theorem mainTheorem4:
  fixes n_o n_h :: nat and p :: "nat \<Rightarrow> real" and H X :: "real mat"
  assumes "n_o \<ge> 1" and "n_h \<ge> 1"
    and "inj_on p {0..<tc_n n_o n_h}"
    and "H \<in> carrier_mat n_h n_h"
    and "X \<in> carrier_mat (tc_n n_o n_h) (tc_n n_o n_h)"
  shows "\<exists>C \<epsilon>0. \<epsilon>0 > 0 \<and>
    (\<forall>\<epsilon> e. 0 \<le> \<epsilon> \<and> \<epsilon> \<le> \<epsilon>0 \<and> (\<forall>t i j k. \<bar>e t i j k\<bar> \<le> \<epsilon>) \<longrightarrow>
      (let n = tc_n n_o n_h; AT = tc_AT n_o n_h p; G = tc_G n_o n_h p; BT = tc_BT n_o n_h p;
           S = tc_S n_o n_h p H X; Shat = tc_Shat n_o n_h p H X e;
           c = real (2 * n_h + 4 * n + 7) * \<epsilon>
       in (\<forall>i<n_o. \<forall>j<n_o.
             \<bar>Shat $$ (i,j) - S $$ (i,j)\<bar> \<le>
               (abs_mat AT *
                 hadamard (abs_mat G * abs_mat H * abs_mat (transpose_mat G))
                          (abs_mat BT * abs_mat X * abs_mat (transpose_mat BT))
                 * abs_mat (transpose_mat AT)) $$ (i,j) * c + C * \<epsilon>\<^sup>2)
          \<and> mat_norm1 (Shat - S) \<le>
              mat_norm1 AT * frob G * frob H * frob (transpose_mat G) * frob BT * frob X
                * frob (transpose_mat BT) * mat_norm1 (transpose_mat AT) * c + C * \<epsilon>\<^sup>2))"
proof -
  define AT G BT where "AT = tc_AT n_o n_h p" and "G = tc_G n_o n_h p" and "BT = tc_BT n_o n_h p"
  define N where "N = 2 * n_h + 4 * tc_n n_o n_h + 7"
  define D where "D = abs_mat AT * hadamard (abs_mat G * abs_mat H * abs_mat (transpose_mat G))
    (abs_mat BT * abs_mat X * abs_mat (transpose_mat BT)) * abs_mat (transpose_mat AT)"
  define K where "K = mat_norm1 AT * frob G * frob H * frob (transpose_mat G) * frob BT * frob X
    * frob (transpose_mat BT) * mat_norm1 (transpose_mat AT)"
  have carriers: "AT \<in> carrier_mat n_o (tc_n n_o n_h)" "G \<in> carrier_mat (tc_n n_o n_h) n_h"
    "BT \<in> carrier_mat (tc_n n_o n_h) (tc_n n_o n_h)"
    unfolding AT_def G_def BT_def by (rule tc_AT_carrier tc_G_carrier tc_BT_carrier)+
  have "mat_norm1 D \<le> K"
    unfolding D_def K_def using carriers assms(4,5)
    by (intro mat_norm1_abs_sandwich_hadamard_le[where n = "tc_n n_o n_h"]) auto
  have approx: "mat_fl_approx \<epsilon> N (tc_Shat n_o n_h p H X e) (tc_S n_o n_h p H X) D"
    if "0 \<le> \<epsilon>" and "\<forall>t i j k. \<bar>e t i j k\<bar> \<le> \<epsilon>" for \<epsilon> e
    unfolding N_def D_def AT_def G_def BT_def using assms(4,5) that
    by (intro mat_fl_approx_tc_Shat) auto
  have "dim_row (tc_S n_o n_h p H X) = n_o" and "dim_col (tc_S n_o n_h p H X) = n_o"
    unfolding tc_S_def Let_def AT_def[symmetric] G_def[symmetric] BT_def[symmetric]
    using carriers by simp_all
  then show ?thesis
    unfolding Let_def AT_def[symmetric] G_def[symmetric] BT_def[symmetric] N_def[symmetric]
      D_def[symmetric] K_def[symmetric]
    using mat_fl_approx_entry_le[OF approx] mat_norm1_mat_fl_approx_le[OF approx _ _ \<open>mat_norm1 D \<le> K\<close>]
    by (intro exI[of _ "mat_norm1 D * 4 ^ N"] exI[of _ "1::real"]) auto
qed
...
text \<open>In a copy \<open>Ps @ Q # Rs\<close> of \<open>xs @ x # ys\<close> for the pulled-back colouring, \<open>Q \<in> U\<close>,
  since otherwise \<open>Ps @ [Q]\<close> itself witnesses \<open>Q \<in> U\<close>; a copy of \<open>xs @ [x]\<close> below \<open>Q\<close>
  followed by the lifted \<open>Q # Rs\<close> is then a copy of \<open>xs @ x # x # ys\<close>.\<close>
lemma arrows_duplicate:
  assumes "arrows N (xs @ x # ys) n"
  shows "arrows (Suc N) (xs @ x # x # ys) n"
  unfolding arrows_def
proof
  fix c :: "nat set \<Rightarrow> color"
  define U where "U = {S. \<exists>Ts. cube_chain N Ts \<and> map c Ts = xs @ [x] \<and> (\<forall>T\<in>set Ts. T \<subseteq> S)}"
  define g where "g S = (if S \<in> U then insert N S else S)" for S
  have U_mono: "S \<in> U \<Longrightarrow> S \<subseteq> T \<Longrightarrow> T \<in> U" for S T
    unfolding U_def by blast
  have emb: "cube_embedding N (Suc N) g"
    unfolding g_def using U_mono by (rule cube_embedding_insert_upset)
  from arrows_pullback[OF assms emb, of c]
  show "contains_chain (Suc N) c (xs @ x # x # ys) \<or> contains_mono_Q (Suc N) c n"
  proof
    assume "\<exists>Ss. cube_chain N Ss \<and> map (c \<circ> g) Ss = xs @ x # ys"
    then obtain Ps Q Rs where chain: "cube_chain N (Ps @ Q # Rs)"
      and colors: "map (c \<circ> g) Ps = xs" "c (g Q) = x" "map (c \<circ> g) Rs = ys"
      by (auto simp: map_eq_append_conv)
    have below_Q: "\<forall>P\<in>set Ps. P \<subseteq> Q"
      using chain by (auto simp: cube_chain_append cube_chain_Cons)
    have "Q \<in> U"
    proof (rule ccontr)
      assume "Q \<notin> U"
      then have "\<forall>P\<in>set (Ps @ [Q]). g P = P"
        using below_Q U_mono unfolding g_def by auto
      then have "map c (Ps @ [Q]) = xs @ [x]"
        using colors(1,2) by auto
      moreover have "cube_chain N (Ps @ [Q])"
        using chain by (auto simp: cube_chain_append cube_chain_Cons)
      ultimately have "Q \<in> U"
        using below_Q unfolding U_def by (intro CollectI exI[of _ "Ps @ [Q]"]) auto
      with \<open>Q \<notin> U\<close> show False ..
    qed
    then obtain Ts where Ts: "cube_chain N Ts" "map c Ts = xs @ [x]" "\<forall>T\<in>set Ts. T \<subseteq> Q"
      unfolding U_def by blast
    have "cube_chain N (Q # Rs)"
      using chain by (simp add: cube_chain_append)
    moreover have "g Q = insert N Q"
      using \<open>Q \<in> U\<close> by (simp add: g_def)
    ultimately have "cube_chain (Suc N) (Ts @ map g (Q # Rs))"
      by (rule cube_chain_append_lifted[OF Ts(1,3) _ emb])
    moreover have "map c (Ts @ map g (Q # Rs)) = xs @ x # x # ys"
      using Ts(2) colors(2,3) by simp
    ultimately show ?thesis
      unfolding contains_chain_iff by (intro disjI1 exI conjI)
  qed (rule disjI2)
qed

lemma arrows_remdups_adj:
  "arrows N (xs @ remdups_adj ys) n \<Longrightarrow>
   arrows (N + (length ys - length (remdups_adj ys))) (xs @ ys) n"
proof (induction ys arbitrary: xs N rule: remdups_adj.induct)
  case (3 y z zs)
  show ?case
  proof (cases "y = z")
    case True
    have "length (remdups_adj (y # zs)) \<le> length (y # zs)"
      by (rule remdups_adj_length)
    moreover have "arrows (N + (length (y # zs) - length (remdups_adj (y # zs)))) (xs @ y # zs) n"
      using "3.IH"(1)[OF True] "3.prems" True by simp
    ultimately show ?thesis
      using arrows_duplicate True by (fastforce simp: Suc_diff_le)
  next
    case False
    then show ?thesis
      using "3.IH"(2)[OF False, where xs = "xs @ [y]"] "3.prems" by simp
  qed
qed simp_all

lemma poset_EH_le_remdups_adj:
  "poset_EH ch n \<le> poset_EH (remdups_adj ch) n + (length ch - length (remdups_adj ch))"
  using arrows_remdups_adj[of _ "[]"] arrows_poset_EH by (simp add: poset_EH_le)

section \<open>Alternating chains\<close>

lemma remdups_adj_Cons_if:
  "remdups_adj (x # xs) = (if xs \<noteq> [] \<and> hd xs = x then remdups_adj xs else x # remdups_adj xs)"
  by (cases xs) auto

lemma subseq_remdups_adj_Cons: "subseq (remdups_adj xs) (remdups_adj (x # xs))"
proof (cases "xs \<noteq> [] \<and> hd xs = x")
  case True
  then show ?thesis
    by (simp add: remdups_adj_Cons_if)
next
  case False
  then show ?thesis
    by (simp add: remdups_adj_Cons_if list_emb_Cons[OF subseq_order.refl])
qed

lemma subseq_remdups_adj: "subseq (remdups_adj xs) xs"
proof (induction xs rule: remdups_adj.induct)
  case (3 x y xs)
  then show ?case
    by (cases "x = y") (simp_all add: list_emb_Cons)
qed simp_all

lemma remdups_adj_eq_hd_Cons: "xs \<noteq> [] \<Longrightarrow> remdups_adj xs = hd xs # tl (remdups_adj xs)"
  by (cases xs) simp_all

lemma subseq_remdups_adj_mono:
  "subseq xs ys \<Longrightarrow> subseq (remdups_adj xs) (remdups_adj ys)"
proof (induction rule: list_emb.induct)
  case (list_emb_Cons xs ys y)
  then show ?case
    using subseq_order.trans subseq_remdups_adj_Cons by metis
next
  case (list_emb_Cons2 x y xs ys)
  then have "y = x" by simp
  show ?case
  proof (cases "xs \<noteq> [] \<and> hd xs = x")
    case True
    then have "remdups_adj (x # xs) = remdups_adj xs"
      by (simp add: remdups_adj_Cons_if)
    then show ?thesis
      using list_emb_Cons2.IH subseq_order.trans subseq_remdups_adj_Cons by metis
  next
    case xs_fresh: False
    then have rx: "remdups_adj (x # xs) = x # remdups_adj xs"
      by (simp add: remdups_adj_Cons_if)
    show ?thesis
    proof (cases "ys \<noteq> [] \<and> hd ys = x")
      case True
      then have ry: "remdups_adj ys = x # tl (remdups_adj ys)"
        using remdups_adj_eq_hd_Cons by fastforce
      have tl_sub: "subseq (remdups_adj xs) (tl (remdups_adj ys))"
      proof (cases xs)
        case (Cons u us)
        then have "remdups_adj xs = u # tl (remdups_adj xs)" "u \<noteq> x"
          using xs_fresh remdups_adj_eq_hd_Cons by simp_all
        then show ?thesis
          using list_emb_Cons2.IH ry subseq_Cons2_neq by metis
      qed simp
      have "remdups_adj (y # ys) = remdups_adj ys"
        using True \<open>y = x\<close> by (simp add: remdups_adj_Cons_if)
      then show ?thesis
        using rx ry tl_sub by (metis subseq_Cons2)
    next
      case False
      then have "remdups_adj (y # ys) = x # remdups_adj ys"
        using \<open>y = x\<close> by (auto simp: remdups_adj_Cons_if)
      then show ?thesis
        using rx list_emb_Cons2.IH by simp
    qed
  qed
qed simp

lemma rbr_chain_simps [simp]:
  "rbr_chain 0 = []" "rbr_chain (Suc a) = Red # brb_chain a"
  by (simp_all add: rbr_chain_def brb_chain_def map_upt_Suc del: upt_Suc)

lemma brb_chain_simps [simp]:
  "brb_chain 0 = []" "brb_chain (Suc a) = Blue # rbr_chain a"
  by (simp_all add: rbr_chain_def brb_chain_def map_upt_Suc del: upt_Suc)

WHAT YOU HAVE TO DO
Above are several records. Count the lines among them that contain "shows" and give only the total.

RESPONSE
2